Se podrían poner algunas pegas a Cobra Kai, no es perfecta, claro está. A veces peca un poco con sus montajes que parecen sacados como de un videoclip. O quizá para algunos puede que ciertas situaciones sean forzadas, algunas tramas juveniles sean un tanto tontas o predecibles, o se pasen con el uso de flashbacks, pero al final del día nos encontramos con una serie que tiene corazón y a la que se le pueden perdonar algunos resbalones. Además, es un gusto volver a ver a Ralph Macchio y William Zabka retomar sus papeles más emblemáticos, dan lo mejor de sí mismos y se nota, especialmente William, que demuestra que puede ser un gran actor.

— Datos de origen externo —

definition defect_op :: "('a::complex_inner \<Rightarrow> 'a) \<Rightarrow> ('a \<Rightarrow> 'a) \<Rightarrow> 'a \<Rightarrow> 'a" where
  "defect_op V1 V2 = (\<lambda>x. x - V1 (adj V1 x) - V2 (adj V2 x) + V1 (V2 (adj V1 (adj V2 x))))"

definition eigsp :: "('a::complex_inner \<Rightarrow> 'a) \<Rightarrow> complex \<Rightarrow> 'a set" where
  "eigsp T \<mu> = {x. T x = \<mu> *\<^sub>C x}"

definition E_sp :: "('a::complex_inner \<Rightarrow> 'a) \<Rightarrow> ('a \<Rightarrow> 'a) \<Rightarrow> complex \<Rightarrow> 'a set" where
  "E_sp V1 V2 \<mu> = eigsp (defect_op V1 V2) \<mu>"

text \<open>Rank = complex dimension of the range (a finite rank \<open>n > 0\<close> forces a finite basis).\<close>
definition op_rank :: "('a::complex_inner \<Rightarrow> 'a) \<Rightarrow> nat" where
  "op_rank T = cvs.dim (range T)"

definition three_finite_pair :: "('a::complex_inner \<Rightarrow> 'a) \<Rightarrow> ('a \<Rightarrow> 'a) \<Rightarrow> bool" where
  "three_finite_pair V1 V2 \<longleftrightarrow> compact_normal_pair V1 V2 \<and> op_rank (defect_op V1 V2) = 3"

definition irreducible_pair :: "('a::complex_inner \<Rightarrow> 'a) \<Rightarrow> ('a \<Rightarrow> 'a) \<Rightarrow> bool" where
  "irreducible_pair V1 V2 \<longleftrightarrow>
     (\<forall>M. closed M \<and> cvs.subspace M \<and> V1 ` M \<subseteq> M \<and> V2 ` M \<subseteq> M
          \<and> adj V1 ` M \<subseteq> M \<and> adj V2 ` M \<subseteq> M \<longrightarrow> M = {0} \<or> M = UNIV)"

definition op_spectrum :: "('a::complex_inner \<Rightarrow> 'a) \<Rightarrow> complex set" where
  "op_spectrum T = {z. \<not> (\<exists>S. bounded_clinear S \<and> (\<forall>x. S (T x - z *\<^sub>C x) = x)
                                 \<and> (\<forall>y. T (S y) - z *\<^sub>C S y = y))}"

definition orth_compl :: "'a::complex_inner set \<Rightarrow> 'a set" where
  "orth_compl S = {x. \<forall>y\<in>S. cinner y x = 0}"

definition op_kernel :: "('a::complex_inner \<Rightarrow> 'a) \<Rightarrow> 'a set" where
  "op_kernel T = {x. T x = 0}"

definition cinner3 :: "complex^3 \<Rightarrow> complex^3 \<Rightarrow> complex" where
  "cinner3 x y = (\<Sum>i\<in>UNIV. cnj (x $ i) * y $ i)"

definition diag3 :: "complex \<Rightarrow> complex \<Rightarrow> complex \<Rightarrow> complex^3^3" where
  "diag3 a b c = (\<chi> i j. if i = j then (if i = 1 then a else if i = 2 then b else c) else 0)"

definition unitarily_equiv_restr :: "('a::complex_inner \<Rightarrow> 'a) \<Rightarrow> 'a set \<Rightarrow> complex^3^3 \<Rightarrow> bool" where
  "unitarily_equiv_restr T K D \<longleftrightarrow> T ` K \<subseteq> K \<and>
     (\<exists>U :: 'a \<Rightarrow> complex^3.
        (\<forall>x\<in>K. \<forall>y\<in>K. \<forall>a. U (a *\<^sub>C x + y) = a *s U x + U y)
      \<and> (\<forall>x\<in>K. \<forall>y\<in>K. cinner3 (U x) (U y) = cinner x y)
      \<and> U ` K = UNIV
      \<and> (\<forall>x\<in>K. U (T x) = D *v U x))"

end

theory Submission
  imports Defs "HOL-Computational_Algebra.Fundamental_Theorem_Algebra"
begin

text \<open>The range of \<open>X = [V\<^sub>2\<^sup>*, V\<^sub>1]\<close> lies in \<open>E\<^sub>1 = ker V\<^sub>1\<^sup>* \<inter> ker V\<^sub>2\<^sup>*\<close>, which is
  finite-dimensional since it lies in the range of \<open>C = C(V\<^sub>1, V\<^sub>2)\<close>, and is nonzero since
  \<open>C \<noteq> 0\<close>; so \<open>X\<close> has a unit eigenvector \<open>f \<in> E\<^sub>1\<close>, \<open>X f = \<beta> f\<close>, and by normality
  \<open>X\<^sup>* f = \<beta>\<^sup>* f\<close>. By irreducibility the orbit \<open>V\<^sub>1\<^sup>m V\<^sub>2\<^sup>n f\<close> is total, and the self-adjoint
  operator \<open>C\<close> kills it except for \<open>C f = f\<close>, \<open>C V\<^sub>1 f = -\<beta> V\<^sub>2 f\<close>, \<open>C V\<^sub>2 f = -\<beta>\<^sup>* V\<^sub>1 f\<close>.
  This determines \<open>C\<close>: rank \<open>3\<close> forces \<open>0 < |\<beta>| < 1\<close>, and then
  \<open>C = P\<^sub>f + |\<beta>| P\<^bsub>u\<^sub>1\<^esub> - |\<beta>| P\<^bsub>u\<^sub>2\<^esub>\<close> for an orthonormal triple \<open>f, u\<^sub>1, u\<^sub>2\<close> built from
  \<open>V\<^sub>1 f\<close> and \<open>V\<^sub>2 f\<close>, from which every claim is read off.\<close>

lemma cinner_add_right: "cinner x (y + z) = cinner x y + cinner x z"
  for x y z :: "'a::complex_inner"
  by (metis cinner_add_left cinner_commute complex_cnj_add)

lemma cinner_scaleC_right: "cinner x (a *\<^sub>C y) = a * cinner x y"
  for x y :: "'a::complex_inner"
  by (metis cinner_commute cinner_scaleC_left complex_cnj_cnj complex_cnj_mult)

lemma cinner_zero_left [simp]: "cinner 0 x = 0"
  for x :: "'a::complex_inner"
  by (metis add_cancel_right_right cinner_add_left)

lemma cinner_zero_right [simp]: "cinner x 0 = 0"
  for x :: "'a::complex_inner"
  by (metis cinner_commute cinner_zero_left complex_cnj_zero)

lemma cinner_minus_left: "cinner (- x) y = - cinner x y"
  for x y :: "'a::complex_inner"
  by (metis add.right_inverse add_eq_0_iff cinner_add_left cinner_zero_left)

Cobra Kai es heredera directa de la fiebre nostálgica. No hay duda de ello. No existiría si no fuese por los días que vivimos. Pero al contrario que tantos y tantos otros productos de su clase no se siente como algo barato, no apela solo a tus recuerdos, es algo que hay que ver para percibir. Entiende porqué un día fue un icono de sus años y cimenta a partir de ahí una nueva historia interesante para veteranos como recién llegados.

La nostalgia vende, sí, pero no podemos vivir solo del pasado.